Work to complete: Each line of the listing below, from the very first to the one that contains "N vs \<longleftrightarrow>", is to be retyped exactly as it stands.

Data supplied:
■ ■ ■ ■
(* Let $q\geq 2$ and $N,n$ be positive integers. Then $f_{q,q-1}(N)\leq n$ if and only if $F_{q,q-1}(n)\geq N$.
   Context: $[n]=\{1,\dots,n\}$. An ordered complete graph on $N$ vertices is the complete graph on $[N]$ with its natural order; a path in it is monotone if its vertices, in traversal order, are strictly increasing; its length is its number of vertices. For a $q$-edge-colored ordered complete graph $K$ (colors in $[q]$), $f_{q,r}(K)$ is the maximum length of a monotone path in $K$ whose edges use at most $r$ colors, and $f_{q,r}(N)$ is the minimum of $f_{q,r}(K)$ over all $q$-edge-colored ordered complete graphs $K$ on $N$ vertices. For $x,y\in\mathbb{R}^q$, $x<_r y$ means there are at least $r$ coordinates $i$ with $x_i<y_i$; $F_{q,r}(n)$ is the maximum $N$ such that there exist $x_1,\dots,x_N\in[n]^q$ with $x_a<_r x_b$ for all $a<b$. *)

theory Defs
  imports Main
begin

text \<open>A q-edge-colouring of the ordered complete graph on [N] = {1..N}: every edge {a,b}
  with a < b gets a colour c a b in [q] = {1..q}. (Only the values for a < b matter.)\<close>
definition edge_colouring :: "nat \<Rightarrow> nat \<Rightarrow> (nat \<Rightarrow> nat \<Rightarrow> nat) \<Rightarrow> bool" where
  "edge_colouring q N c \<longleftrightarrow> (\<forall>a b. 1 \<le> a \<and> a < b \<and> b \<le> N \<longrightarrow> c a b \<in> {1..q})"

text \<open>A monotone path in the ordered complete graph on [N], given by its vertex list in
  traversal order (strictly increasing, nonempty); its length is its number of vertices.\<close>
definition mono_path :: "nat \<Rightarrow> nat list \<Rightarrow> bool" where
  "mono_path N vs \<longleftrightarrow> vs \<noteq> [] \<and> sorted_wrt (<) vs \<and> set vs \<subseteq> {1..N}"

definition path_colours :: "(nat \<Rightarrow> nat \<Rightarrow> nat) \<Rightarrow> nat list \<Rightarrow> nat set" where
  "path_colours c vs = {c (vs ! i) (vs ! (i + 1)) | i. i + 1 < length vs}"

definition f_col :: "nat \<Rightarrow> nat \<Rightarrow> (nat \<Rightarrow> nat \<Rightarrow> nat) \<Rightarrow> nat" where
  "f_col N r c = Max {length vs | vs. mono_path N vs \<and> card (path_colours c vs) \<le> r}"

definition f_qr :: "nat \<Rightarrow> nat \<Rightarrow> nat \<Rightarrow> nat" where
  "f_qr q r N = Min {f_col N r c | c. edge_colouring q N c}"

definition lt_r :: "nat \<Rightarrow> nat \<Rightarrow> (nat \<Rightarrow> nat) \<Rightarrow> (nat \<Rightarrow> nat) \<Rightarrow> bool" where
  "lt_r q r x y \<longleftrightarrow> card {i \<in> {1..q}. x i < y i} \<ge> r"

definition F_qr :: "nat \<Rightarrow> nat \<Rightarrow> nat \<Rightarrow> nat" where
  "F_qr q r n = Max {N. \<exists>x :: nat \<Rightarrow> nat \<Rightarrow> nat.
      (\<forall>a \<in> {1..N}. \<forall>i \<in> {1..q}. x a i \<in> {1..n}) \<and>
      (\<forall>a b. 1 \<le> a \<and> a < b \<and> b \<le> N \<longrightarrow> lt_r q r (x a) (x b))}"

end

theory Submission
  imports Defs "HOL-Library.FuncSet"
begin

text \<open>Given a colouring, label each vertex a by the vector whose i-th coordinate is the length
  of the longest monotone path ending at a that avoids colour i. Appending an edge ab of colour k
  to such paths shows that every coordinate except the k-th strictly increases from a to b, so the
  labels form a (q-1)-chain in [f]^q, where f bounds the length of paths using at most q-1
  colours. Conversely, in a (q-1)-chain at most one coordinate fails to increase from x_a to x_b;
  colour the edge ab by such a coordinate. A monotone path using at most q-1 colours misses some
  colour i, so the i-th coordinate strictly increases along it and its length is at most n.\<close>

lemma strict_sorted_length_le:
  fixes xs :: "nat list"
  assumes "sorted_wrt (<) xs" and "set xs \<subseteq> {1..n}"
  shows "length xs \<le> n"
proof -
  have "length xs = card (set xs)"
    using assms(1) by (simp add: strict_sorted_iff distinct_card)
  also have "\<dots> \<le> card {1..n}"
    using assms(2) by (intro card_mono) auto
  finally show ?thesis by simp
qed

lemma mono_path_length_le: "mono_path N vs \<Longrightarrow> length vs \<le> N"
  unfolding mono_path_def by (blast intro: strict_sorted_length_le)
■ ■ ■ ■
Task response:
(* Let $q\geq 2$ and $N,n$ be positive integers. Then $f_{q,q-1}(N)\leq n$ if and only if $F_{q,q-1}(n)\geq N$.
   Context: $[n]=\{1,\dots,n\}$. An ordered complete graph on $N$ vertices is the complete graph on $[N]$ with its natural order; a path in it is monotone if its vertices, in traversal order, are strictly increasing; its length is its number of vertices. For a $q$-edge-colored ordered complete graph $K$ (colors in $[q]$), $f_{q,r}(K)$ is the maximum length of a monotone path in $K$ whose edges use at most $r$ colors, and $f_{q,r}(N)$ is the minimum of $f_{q,r}(K)$ over all $q$-edge-colored ordered complete graphs $K$ on $N$ vertices. For $x,y\in\mathbb{R}^q$, $x<_r y$ means there are at least $r$ coordinates $i$ with $x_i<y_i$; $F_{q,r}(n)$ is the maximum $N$ such that there exist $x_1,\dots,x_N\in[n]^q$ with $x_a<_r x_b$ for all $a<b$. *)

theory Defs
  imports Main
begin

text \<open>A q-edge-colouring of the ordered complete graph on [N] = {1..N}: every edge {a,b}
  with a < b gets a colour c a b in [q] = {1..q}. (Only the values for a < b matter.)\<close>
definition edge_colouring :: "nat \<Rightarrow> nat \<Rightarrow> (nat \<Rightarrow> nat \<Rightarrow> nat) \<Rightarrow> bool" where
  "edge_colouring q N c \<longleftrightarrow> (\<forall>a b. 1 \<le> a \<and> a < b \<and> b \<le> N \<longrightarrow> c a b \<in> {1..q})"

text \<open>A monotone path in the ordered complete graph on [N], given by its vertex list in
  traversal order (strictly increasing, nonempty); its length is its number of vertices.\<close>
definition mono_path :: "nat \<Rightarrow> nat list \<Rightarrow> bool" where
  "mono_path N vs \<longleftrightarrow> vs \<noteq> [] \<and> sorted_wrt (<) vs \<and> set vs \<subseteq> {1..N}"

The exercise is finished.